Although the data below holds other lines too, output only those from the line with "n \<Longrightarrow> length" up to and including the line with "i = wedge_list", exactly as they appear.

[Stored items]
--------
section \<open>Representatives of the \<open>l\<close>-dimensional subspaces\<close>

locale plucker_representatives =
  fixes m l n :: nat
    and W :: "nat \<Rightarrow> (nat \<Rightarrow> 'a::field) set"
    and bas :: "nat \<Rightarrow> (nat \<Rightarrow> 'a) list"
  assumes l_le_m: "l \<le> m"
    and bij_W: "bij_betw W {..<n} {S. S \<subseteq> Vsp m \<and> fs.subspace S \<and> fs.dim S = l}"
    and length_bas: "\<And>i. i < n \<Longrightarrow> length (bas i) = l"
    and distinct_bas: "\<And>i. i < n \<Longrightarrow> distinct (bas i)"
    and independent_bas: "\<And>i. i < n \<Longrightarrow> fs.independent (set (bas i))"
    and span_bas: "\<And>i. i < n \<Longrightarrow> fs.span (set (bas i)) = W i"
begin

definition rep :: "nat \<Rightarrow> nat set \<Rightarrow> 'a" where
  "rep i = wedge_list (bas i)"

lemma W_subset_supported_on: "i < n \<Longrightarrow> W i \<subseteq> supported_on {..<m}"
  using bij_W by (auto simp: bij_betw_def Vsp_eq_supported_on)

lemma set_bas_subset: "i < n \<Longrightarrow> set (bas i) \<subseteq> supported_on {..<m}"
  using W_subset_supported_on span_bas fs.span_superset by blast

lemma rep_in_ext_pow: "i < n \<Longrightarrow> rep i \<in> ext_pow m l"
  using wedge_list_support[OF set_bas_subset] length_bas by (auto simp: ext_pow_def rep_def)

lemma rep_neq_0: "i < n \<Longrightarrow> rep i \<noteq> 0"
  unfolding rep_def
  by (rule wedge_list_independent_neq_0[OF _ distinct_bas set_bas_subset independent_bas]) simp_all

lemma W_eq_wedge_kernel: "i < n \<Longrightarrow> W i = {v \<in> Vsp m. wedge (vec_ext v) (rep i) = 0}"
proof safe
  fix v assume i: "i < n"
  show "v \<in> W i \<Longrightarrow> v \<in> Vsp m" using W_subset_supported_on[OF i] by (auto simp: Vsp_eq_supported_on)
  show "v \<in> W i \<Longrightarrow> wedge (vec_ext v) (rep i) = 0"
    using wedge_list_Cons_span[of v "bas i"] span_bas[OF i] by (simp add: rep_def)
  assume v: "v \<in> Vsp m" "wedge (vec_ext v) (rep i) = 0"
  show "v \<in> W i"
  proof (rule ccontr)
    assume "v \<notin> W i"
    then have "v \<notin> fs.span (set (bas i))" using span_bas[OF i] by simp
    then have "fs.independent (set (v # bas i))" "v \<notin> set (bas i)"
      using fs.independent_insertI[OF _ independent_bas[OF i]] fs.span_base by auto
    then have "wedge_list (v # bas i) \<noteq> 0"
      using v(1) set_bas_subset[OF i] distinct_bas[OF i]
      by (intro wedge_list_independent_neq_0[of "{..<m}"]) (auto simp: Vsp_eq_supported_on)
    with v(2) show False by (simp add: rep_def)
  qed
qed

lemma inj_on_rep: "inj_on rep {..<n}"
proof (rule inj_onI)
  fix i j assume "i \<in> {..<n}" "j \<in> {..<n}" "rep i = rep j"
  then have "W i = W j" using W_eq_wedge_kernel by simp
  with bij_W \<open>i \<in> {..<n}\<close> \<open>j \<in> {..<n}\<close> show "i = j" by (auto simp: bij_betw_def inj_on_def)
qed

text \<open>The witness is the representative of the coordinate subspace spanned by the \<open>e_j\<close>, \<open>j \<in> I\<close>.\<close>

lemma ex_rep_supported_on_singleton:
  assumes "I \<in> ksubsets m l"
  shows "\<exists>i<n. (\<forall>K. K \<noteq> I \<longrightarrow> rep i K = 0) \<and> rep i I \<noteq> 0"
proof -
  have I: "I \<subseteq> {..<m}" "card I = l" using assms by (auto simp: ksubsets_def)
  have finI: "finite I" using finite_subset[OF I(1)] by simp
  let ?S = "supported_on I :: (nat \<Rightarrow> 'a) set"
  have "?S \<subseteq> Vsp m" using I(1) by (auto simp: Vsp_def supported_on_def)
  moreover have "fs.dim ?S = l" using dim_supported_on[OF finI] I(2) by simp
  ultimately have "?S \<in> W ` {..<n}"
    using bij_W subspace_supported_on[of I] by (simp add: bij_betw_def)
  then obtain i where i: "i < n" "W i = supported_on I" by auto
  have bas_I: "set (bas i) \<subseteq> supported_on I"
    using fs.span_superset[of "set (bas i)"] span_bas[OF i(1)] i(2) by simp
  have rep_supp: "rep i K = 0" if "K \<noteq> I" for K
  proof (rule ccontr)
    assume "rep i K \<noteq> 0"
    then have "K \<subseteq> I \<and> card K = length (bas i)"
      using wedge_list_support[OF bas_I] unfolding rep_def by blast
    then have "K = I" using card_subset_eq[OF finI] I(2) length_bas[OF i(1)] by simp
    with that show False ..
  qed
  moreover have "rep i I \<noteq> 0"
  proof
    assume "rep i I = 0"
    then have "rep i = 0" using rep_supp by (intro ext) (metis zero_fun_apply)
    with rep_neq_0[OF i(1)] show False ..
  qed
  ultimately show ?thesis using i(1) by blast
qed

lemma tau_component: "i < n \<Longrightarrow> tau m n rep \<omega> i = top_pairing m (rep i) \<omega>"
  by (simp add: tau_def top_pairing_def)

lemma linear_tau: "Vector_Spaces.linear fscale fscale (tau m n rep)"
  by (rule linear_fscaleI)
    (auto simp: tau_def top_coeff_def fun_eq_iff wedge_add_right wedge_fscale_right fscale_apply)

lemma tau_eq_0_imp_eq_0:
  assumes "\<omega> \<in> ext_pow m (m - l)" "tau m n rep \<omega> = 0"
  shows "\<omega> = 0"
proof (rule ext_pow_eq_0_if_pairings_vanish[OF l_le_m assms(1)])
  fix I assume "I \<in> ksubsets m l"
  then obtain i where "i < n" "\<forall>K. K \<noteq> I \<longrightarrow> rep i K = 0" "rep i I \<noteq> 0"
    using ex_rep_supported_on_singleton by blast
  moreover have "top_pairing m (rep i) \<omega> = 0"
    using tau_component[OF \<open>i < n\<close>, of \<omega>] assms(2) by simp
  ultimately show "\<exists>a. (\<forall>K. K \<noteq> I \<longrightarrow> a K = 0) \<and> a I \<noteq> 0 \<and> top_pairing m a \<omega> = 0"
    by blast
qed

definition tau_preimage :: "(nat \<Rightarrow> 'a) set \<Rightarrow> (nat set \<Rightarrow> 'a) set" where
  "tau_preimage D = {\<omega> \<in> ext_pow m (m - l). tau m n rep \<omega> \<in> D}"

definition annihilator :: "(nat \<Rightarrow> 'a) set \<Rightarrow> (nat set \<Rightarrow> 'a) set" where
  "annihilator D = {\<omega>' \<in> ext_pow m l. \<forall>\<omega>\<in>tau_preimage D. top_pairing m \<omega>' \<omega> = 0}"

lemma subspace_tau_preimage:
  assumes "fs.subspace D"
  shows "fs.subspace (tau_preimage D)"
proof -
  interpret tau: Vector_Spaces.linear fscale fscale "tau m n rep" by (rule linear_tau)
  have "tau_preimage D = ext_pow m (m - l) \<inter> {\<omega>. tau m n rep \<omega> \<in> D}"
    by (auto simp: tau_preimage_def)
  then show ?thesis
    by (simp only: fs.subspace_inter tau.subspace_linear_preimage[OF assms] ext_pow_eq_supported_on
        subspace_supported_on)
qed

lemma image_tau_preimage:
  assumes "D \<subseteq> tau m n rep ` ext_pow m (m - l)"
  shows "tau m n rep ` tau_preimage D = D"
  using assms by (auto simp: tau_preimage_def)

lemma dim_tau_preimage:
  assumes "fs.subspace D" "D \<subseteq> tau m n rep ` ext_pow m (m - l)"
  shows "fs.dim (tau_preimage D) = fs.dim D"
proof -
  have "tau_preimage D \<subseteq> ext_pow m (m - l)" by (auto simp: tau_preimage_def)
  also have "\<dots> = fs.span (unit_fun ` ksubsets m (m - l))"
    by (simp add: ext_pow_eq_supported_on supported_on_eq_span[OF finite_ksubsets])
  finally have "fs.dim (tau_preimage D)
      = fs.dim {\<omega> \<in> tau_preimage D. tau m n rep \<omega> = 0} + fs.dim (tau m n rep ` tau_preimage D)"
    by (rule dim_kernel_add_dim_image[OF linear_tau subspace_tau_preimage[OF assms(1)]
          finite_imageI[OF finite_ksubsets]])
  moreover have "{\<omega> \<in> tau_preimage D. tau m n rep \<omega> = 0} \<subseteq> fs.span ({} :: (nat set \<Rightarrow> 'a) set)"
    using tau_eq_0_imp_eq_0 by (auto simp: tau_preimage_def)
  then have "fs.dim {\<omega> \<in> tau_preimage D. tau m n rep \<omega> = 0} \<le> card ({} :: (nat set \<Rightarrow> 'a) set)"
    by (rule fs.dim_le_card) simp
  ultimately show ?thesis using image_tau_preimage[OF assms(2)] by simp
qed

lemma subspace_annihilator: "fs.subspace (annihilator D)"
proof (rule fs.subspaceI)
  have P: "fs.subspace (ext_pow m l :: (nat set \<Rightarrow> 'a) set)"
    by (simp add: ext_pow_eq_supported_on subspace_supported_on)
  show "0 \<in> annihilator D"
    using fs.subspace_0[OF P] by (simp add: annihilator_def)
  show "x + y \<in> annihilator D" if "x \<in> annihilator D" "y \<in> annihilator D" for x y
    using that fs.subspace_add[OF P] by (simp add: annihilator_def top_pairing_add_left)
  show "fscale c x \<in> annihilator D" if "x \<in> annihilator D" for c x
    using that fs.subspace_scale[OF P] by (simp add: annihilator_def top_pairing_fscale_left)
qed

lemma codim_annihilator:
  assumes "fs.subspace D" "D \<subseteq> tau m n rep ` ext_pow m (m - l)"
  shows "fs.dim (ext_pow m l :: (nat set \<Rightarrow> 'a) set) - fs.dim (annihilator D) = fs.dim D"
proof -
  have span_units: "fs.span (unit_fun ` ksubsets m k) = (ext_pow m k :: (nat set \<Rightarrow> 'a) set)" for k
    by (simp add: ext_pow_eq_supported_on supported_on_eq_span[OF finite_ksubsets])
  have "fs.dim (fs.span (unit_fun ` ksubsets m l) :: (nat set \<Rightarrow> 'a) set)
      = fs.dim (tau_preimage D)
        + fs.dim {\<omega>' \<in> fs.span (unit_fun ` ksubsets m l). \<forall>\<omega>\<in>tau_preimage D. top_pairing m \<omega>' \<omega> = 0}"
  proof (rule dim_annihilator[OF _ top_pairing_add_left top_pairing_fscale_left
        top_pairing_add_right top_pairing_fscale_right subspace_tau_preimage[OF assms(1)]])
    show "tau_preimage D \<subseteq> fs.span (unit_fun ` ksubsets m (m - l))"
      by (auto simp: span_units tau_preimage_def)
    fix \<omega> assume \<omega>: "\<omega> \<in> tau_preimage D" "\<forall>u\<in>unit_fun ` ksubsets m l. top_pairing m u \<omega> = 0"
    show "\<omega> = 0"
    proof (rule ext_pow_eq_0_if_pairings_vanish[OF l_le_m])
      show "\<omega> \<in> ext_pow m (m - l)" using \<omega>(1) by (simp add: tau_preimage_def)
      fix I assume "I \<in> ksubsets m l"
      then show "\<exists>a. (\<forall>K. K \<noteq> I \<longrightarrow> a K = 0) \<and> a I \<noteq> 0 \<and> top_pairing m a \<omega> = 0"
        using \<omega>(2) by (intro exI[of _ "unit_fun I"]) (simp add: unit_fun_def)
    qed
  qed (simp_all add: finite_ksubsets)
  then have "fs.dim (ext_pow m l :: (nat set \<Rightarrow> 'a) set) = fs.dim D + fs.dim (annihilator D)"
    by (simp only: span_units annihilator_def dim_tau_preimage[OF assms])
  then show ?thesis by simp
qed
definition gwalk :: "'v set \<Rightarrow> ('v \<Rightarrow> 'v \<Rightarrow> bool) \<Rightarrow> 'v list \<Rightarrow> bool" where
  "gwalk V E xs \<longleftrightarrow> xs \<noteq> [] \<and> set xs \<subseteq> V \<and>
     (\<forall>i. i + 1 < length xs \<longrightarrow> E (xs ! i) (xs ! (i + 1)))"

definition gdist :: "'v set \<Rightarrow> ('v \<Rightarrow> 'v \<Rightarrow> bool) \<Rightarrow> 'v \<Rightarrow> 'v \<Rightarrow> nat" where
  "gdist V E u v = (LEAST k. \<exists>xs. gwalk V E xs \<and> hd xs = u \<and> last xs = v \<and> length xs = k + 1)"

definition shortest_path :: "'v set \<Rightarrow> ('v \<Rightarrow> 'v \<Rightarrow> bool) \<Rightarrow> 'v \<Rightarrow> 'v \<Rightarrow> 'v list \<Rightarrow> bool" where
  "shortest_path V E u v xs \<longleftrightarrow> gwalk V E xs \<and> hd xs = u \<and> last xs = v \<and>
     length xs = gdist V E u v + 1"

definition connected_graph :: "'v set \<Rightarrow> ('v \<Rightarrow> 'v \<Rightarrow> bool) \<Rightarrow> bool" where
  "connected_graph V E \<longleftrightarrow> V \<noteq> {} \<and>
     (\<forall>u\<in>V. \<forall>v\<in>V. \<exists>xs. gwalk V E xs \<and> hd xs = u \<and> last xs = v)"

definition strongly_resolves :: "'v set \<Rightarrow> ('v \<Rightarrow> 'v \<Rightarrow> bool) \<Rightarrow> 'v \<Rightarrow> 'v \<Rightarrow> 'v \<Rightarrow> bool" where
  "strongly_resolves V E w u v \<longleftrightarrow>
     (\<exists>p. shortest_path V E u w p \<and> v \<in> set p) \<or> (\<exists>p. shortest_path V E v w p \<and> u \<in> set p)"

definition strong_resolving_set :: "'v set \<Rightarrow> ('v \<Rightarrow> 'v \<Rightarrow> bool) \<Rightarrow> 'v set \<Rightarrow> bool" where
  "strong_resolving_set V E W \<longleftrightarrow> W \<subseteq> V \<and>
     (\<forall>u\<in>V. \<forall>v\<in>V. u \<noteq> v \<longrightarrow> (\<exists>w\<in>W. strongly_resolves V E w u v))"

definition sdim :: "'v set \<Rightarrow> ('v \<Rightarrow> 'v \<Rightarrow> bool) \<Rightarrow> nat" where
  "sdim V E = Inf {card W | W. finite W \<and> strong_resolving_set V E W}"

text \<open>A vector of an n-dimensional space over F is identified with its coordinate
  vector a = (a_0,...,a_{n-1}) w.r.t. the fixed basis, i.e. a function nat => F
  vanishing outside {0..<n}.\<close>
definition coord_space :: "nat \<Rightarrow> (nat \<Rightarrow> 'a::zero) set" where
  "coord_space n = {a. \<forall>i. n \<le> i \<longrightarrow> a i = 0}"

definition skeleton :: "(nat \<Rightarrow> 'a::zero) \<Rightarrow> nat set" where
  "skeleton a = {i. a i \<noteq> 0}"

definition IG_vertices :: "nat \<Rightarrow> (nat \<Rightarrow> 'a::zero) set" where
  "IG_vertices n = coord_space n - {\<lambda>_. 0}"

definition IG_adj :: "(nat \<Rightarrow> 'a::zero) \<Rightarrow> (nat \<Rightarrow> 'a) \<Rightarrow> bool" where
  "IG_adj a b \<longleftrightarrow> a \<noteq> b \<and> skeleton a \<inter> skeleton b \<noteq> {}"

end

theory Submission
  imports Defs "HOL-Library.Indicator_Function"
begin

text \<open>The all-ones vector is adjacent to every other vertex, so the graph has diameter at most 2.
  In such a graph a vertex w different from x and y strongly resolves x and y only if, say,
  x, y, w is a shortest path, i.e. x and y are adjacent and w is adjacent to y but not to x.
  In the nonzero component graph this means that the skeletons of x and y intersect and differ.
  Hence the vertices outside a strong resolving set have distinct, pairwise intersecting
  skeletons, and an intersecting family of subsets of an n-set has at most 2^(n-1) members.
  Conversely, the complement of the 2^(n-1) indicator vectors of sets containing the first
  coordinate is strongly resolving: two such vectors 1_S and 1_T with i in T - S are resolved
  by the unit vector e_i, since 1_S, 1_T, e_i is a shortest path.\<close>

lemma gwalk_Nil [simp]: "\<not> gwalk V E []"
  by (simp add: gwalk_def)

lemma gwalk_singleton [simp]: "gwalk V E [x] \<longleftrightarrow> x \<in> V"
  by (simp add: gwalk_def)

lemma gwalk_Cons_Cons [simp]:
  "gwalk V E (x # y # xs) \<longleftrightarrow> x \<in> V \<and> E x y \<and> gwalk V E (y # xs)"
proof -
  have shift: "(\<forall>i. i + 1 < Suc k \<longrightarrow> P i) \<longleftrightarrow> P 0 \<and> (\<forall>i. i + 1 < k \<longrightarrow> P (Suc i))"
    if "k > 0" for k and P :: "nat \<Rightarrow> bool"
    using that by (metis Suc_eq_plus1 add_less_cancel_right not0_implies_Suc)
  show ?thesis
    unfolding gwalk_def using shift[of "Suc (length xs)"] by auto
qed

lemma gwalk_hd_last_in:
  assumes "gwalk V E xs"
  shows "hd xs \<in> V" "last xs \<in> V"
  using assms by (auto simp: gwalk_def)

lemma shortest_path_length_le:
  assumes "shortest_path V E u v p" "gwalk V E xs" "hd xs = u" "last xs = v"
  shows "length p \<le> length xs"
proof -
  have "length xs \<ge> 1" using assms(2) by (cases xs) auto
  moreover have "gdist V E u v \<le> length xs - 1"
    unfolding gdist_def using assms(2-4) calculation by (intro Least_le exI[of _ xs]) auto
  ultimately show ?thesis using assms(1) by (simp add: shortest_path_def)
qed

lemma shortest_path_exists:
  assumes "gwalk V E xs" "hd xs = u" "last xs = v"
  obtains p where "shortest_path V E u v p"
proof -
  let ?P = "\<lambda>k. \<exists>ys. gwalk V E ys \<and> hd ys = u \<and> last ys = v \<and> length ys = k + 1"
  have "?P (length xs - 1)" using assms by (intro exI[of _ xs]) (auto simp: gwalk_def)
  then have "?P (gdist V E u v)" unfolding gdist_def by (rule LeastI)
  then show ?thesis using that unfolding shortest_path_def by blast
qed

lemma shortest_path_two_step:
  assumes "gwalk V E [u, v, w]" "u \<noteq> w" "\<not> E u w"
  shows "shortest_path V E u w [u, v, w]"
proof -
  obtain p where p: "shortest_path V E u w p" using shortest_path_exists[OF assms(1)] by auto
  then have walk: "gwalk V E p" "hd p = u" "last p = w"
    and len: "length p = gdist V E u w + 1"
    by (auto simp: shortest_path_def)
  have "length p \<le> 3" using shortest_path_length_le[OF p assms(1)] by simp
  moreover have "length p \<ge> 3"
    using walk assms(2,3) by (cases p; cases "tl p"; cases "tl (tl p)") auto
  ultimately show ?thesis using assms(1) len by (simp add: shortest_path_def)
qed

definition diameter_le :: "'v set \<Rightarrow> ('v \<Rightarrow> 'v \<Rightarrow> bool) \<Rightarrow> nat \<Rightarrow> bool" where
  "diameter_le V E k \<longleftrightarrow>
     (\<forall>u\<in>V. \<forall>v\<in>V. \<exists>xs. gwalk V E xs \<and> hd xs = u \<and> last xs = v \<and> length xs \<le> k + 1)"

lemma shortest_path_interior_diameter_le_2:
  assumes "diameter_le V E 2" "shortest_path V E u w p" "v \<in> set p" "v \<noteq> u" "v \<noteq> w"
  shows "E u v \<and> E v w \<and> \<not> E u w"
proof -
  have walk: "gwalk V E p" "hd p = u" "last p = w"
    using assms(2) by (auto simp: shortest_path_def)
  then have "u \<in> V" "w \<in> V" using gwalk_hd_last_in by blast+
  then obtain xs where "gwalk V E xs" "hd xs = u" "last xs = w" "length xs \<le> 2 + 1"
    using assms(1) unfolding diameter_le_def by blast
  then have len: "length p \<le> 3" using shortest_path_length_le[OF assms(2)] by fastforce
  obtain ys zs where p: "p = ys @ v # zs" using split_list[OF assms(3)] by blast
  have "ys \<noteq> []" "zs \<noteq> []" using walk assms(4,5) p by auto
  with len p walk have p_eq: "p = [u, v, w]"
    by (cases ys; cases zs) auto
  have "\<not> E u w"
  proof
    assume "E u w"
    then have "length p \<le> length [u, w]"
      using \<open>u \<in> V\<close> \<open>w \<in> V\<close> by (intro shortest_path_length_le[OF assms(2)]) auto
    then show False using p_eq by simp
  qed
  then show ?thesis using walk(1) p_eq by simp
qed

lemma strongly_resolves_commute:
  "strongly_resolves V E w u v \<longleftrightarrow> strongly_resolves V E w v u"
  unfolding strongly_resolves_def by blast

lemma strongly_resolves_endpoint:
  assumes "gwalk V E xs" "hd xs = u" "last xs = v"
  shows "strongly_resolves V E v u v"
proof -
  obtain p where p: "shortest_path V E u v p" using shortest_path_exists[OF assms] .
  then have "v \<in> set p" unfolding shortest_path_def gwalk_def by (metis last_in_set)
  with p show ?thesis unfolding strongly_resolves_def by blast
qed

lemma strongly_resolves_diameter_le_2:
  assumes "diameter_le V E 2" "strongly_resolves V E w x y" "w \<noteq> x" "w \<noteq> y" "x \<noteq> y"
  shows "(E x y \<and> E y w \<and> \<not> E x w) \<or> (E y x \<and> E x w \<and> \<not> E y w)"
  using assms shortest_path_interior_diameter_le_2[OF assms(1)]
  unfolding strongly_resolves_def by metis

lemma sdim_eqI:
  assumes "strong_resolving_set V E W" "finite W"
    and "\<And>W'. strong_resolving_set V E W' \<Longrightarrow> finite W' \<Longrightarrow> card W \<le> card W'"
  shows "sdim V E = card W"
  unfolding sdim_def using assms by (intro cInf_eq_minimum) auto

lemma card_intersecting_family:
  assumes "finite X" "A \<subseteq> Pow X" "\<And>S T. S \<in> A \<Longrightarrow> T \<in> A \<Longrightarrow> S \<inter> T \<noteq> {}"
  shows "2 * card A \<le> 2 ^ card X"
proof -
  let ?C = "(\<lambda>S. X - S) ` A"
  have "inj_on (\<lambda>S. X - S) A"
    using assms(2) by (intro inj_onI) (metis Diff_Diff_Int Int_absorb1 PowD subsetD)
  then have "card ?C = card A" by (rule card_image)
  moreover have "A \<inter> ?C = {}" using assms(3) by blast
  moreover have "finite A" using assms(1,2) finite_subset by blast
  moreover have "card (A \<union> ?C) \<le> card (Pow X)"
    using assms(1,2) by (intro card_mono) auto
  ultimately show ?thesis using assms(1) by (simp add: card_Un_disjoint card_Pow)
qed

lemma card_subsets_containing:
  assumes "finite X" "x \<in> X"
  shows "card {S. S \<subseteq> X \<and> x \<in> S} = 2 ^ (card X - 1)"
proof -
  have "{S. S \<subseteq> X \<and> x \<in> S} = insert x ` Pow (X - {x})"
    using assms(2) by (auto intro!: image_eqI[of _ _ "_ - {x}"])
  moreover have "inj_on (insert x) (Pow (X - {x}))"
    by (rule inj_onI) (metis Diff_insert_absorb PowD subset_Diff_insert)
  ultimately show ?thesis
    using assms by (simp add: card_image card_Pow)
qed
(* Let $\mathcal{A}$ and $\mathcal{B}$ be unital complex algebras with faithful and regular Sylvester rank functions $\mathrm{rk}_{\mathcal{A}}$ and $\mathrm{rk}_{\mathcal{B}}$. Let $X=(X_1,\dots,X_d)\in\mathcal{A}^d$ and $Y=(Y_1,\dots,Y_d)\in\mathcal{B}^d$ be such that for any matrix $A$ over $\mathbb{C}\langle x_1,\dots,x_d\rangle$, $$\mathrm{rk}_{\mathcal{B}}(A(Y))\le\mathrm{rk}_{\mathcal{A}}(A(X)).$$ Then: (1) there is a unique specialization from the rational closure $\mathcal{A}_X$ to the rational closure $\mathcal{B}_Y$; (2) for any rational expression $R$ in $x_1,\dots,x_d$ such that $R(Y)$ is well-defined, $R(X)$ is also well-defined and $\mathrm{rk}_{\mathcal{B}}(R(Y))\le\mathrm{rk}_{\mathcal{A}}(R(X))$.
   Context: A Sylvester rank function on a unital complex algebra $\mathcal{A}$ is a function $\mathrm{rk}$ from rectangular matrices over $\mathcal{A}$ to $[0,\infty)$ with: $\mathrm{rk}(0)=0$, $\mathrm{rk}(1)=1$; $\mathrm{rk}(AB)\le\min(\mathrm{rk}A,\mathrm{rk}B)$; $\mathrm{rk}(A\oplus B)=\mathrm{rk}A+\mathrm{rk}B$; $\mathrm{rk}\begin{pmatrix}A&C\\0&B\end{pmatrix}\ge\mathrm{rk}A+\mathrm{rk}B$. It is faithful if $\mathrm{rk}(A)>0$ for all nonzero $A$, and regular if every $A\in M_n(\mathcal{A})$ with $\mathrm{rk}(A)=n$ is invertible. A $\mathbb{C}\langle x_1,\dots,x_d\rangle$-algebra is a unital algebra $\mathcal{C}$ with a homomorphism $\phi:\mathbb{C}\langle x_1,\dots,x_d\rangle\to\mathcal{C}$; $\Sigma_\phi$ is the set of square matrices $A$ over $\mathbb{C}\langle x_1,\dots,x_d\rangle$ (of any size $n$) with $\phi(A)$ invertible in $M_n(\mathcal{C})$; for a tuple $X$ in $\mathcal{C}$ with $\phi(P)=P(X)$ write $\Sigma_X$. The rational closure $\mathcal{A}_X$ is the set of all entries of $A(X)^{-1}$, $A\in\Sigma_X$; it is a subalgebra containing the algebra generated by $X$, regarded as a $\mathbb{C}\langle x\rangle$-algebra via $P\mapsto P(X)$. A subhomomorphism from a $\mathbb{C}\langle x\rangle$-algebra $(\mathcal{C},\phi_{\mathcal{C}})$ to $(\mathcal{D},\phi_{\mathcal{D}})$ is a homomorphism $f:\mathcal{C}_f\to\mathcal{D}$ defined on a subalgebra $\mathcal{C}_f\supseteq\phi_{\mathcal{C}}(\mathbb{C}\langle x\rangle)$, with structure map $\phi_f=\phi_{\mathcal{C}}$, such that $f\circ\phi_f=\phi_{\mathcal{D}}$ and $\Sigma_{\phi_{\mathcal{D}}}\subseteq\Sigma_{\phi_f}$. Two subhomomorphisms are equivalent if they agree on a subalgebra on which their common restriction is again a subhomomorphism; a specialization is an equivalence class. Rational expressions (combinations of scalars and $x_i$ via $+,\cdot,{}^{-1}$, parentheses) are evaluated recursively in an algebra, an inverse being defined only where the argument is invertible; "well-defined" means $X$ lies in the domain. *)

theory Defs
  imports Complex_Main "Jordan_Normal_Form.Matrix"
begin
--------
### ANSWER TO THIS TASK
    and length_bas: "\<And>i. i < n \<Longrightarrow> length (bas i) = l"
    and distinct_bas: "\<And>i. i < n \<Longrightarrow> distinct (bas i)"
    and independent_bas: "\<And>i. i < n \<Longrightarrow> fs.independent (set (bas i))"
    and span_bas: "\<And>i. i < n \<Longrightarrow> fs.span (set (bas i)) = W i"
begin

definition rep :: "nat \<Rightarrow> nat set \<Rightarrow> 'a" where
  "rep i = wedge_list (bas i)"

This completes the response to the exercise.